# Try it:
Look through the entries below and count the lines with the word "lambda" in them; give only the number.

# Extracted entries:
(* Let $p$ be a full-support skill distribution and $q$ a full-support perception with $p\succsim_{LR}q$ (the population is under-perceived). Let $\langle S',\pi'\rangle\succsim_G\langle S,\pi\rangle$ be signal structures with $\langle S',\pi'\rangle$ MLR. Then for every monotone firm $A\subset\mathcal{A}_M$, $$W_A(p,q,\langle S',\pi'\rangle)\ \ge\ W_A(p,q,\langle S,\pi\rangle).$$
   Context: Let $\Theta\subset\mathbb{R}$ be a finite set of skill types with $|\Theta|\ge2$. Tasks are vectors $a\in\mathcal{A}:=\mathbb{R}^\Theta$. A firm is a non-empty finite set $A\subset\mathcal{A}$. It is monotone if $A\subset\mathcal{A}_M:=\{a: a(\theta')>a(\theta)\text{ whenever }\theta'>\theta\}$. A signal structure $\langle S,\pi\rangle$ consists of a non-empty finite set $S$ and a map $\pi:S\times\Theta\to[0,1]$ with $\sum_s\pi(s|\theta)=1$, such that each $s$ has $\pi(s|\theta)>0$ for some $\theta$. Pay: - $p,q\in\Delta(\Theta)$ have full support. - $q_{\langle S,\pi\rangle}(\theta|s):=q(\theta)\pi(s|\theta)/\sum_{\theta'}q(\theta')\pi(s|\theta')$. - $w_A(s,q,\langle S,\pi\rangle):=\max_{a\in A}\sum_\theta q_{\langle S,\pi\rangle}(\theta|s)a(\theta)$. - $W_A(p,q,\langle S,\pi\rangle):=\sum_\theta p(\theta)\sum_s\pi(s|\theta)w_A(s,q,\langle S,\pi\rangle)$. Orders: - $q'\succsim_{LR}q$ means $q(\theta)q'(\theta')\ge q(\theta')q'(\theta)$ whenever $\theta'>\theta$. - $\langle S',\pi'\rangle\succsim_G\langle S,\pi\rangle$ means there exists $g:S\times S'\to[0,1]$ with $\sum_s g(s|s')=1$ for each $s'$ and $\pi(s|\theta)=\sum_{s'}g(s|s')\pi'(s'|\theta)$ for all $s,\theta$. - $\langle S,\pi\rangle$ is MLR if $S\subset\mathbb{R}$ and $\pi(s|\theta)\pi(s'|\theta')\ge\pi(s|\theta')\pi(s'|\theta)$ whenever $s'>s$, $\theta'>\theta$. *)

theory Defs
  imports "HOL-Analysis.Analysis"
begin

text \<open>Skill types: a finite set Th of reals with at least two elements.
Tasks are functions real \<Rightarrow> real, only their values on Th matter.\<close>

definition skill_types :: "real set \<Rightarrow> bool" where
  "skill_types Th \<longleftrightarrow> finite Th \<and> card Th \<ge> 2"

definition full_support :: "real set \<Rightarrow> (real \<Rightarrow> real) \<Rightarrow> bool" where
  "full_support Th p \<longleftrightarrow> (\<forall>\<theta>\<in>Th. p \<theta> > 0) \<and> (\<Sum>\<theta>\<in>Th. p \<theta>) = 1"

definition firm :: "(real \<Rightarrow> real) set \<Rightarrow> bool" where
  "firm A \<longleftrightarrow> finite A \<and> A \<noteq> {}"

definition monotone_firm :: "real set \<Rightarrow> (real \<Rightarrow> real) set \<Rightarrow> bool" where
  "monotone_firm Th A \<longleftrightarrow> firm A \<and>
     (\<forall>a\<in>A. \<forall>\<theta>\<in>Th. \<forall>\<theta>'\<in>Th. \<theta>' > \<theta> \<longrightarrow> a \<theta>' > a \<theta>)"

definition signal_structure :: "real set \<Rightarrow> 's set \<Rightarrow> ('s \<Rightarrow> real \<Rightarrow> real) \<Rightarrow> bool" where
  "signal_structure Th S \<pi> \<longleftrightarrow> finite S \<and> S \<noteq> {} \<and>
     (\<forall>s\<in>S. \<forall>\<theta>\<in>Th. 0 \<le> \<pi> s \<theta> \<and> \<pi> s \<theta> \<le> 1) \<and>
     (\<forall>\<theta>\<in>Th. (\<Sum>s\<in>S. \<pi> s \<theta>) = 1) \<and>
     (\<forall>s\<in>S. \<exists>\<theta>\<in>Th. \<pi> s \<theta> > 0)"

definition posterior :: "real set \<Rightarrow> (real \<Rightarrow> real) \<Rightarrow> ('s \<Rightarrow> real \<Rightarrow> real) \<Rightarrow> 's \<Rightarrow> real \<Rightarrow> real" where
  "posterior Th q \<pi> s \<theta> = q \<theta> * \<pi> s \<theta> / (\<Sum>\<theta>'\<in>Th. q \<theta>' * \<pi> s \<theta>')"

definition wage :: "real set \<Rightarrow> (real \<Rightarrow> real) set \<Rightarrow> 's \<Rightarrow> (real \<Rightarrow> real) \<Rightarrow> ('s \<Rightarrow> real \<Rightarrow> real) \<Rightarrow> real" where
  "wage Th A s q \<pi> = Max ((\<lambda>a. \<Sum>\<theta>\<in>Th. posterior Th q \<pi> s \<theta> * a \<theta>) ` A)"

definition pay :: "real set \<Rightarrow> (real \<Rightarrow> real) set \<Rightarrow> (real \<Rightarrow> real) \<Rightarrow> (real \<Rightarrow> real)
     \<Rightarrow> 's set \<Rightarrow> ('s \<Rightarrow> real \<Rightarrow> real) \<Rightarrow> real" where
  "pay Th A p q S \<pi> = (\<Sum>\<theta>\<in>Th. p \<theta> * (\<Sum>s\<in>S. \<pi> s \<theta> * wage Th A s q \<pi>))"

definition LR_ge :: "real set \<Rightarrow> (real \<Rightarrow> real) \<Rightarrow> (real \<Rightarrow> real) \<Rightarrow> bool" where
  "LR_ge Th q' q \<longleftrightarrow> (\<forall>\<theta>\<in>Th. \<forall>\<theta>'\<in>Th. \<theta>' > \<theta> \<longrightarrow> q \<theta> * q' \<theta>' \<ge> q \<theta>' * q' \<theta>)"

definition garbling_ge :: "real set \<Rightarrow> 't set \<Rightarrow> ('t \<Rightarrow> real \<Rightarrow> real) \<Rightarrow> 's set \<Rightarrow> ('s \<Rightarrow> real \<Rightarrow> real) \<Rightarrow> bool" where
  "garbling_ge Th S' \<pi>' S \<pi> \<longleftrightarrow> (\<exists>g :: 's \<Rightarrow> 't \<Rightarrow> real.
     (\<forall>s\<in>S. \<forall>s'\<in>S'. 0 \<le> g s s' \<and> g s s' \<le> 1) \<and>
     (\<forall>s'\<in>S'. (\<Sum>s\<in>S. g s s') = 1) \<and>
     (\<forall>s\<in>S. \<forall>\<theta>\<in>Th. \<pi> s \<theta> = (\<Sum>s'\<in>S'. g s s' * \<pi>' s' \<theta>)))"

definition MLR :: "real set \<Rightarrow> real set \<Rightarrow> (real \<Rightarrow> real \<Rightarrow> real) \<Rightarrow> bool" where
  "MLR Th S \<pi> \<longleftrightarrow> (\<forall>s\<in>S. \<forall>s'\<in>S. \<forall>\<theta>\<in>Th. \<forall>\<theta>'\<in>Th. s' > s \<longrightarrow> \<theta>' > \<theta> \<longrightarrow>
     \<pi> s \<theta> * \<pi> s' \<theta>' \<ge> \<pi> s \<theta>' * \<pi> s' \<theta>)"

end

theory Submission
  imports Defs
begin

text \<open>
Write the pay as the sum over signals s of P(s) w(s), where P(s) is the probability of s under the
true distribution p and w(s) is the wage. The garbling expresses a coarse signal s as a mixture of
fine signals s' with weights g(s|s') Q'(s'), where Q'(s') is the perceived probability of s'. With
respect to these weights, P(s) is the average of the fine posterior means of the likelihood ratio
p/q, and Q(s) w(s) is the average of the fine posterior means of a task a that is optimal at s.
Under MLR both posterior means increase with s' (p/q because p dominates q in likelihood ratio, a
because the firm is monotone), so Chebyshev's sum inequality bounds P(s) w(s) by the sum over s' of
g(s|s') P'(s') times the posterior mean of a at s', and that posterior mean is at most the fine
wage w'(s'). Summing over s, with g(.|s') summing to 1, gives the claim.
\<close>

lemma sum_sum_nonneg_of_swap_nonneg:
  fixes h :: "'i \<Rightarrow> 'i \<Rightarrow> 'a::linordered_idom"
  assumes "\<And>i j. i \<in> I \<Longrightarrow> j \<in> I \<Longrightarrow> 0 \<le> h i j + h j i"
  shows "0 \<le> (\<Sum>i\<in>I. \<Sum>j\<in>I. h i j)"
proof -
  have "(\<Sum>i\<in>I. \<Sum>j\<in>I. h i j + h j i) = (\<Sum>i\<in>I. \<Sum>j\<in>I. h i j) + (\<Sum>i\<in>I. \<Sum>j\<in>I. h i j)"
    by (simp add: sum.distrib sum.swap[of "\<lambda>i j. h j i"])
  moreover have "0 \<le> (\<Sum>i\<in>I. \<Sum>j\<in>I. h i j + h j i)"
    using assms by (intro sum_nonneg) auto
  ultimately show ?thesis
    by simp
qed

lemma sum_mult_sum_le_of_mono_likelihood_ratio:
  fixes \<mu> \<nu> f :: "'i::linorder \<Rightarrow> 'a::linordered_idom"
  assumes f_mono: "\<And>x y. x \<in> I \<Longrightarrow> y \<in> I \<Longrightarrow> x < y \<Longrightarrow> f x \<le> f y"
    and ratio_mono: "\<And>x y. x \<in> I \<Longrightarrow> y \<in> I \<Longrightarrow> x < y \<Longrightarrow> \<mu> y * \<nu> x \<le> \<mu> x * \<nu> y"
  shows "(\<Sum>x\<in>I. \<nu> x) * (\<Sum>x\<in>I. \<mu> x * f x) \<le> (\<Sum>x\<in>I. \<mu> x) * (\<Sum>x\<in>I. \<nu> x * f x)"
proof -
  define h where "h x y = \<mu> x * \<nu> y * (f y - f x)" for x y
  have "0 \<le> (\<Sum>x\<in>I. \<Sum>y\<in>I. h x y)"
  proof (rule sum_sum_nonneg_of_swap_nonneg)
    fix x y assume "x \<in> I" "y \<in> I"
    then have "0 \<le> (f y - f x) * (\<mu> x * \<nu> y - \<mu> y * \<nu> x)"
      using f_mono ratio_mono by (cases x y rule: linorder_cases) (auto simp: mult_nonpos_nonpos)
    then show "0 \<le> h x y + h y x"
      by (simp add: h_def algebra_simps)
  qed
  also have "(\<Sum>x\<in>I. \<Sum>y\<in>I. h x y) =
      (\<Sum>x\<in>I. \<mu> x) * (\<Sum>x\<in>I. \<nu> x * f x) - (\<Sum>x\<in>I. \<mu> x * f x) * (\<Sum>x\<in>I. \<nu> x)"
    unfolding sum_product h_def right_diff_distrib sum_subtractf by (simp add: mult_ac)
  finally show ?thesis by (simp add: mult.commute)
qed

# Answer to this exercise:
2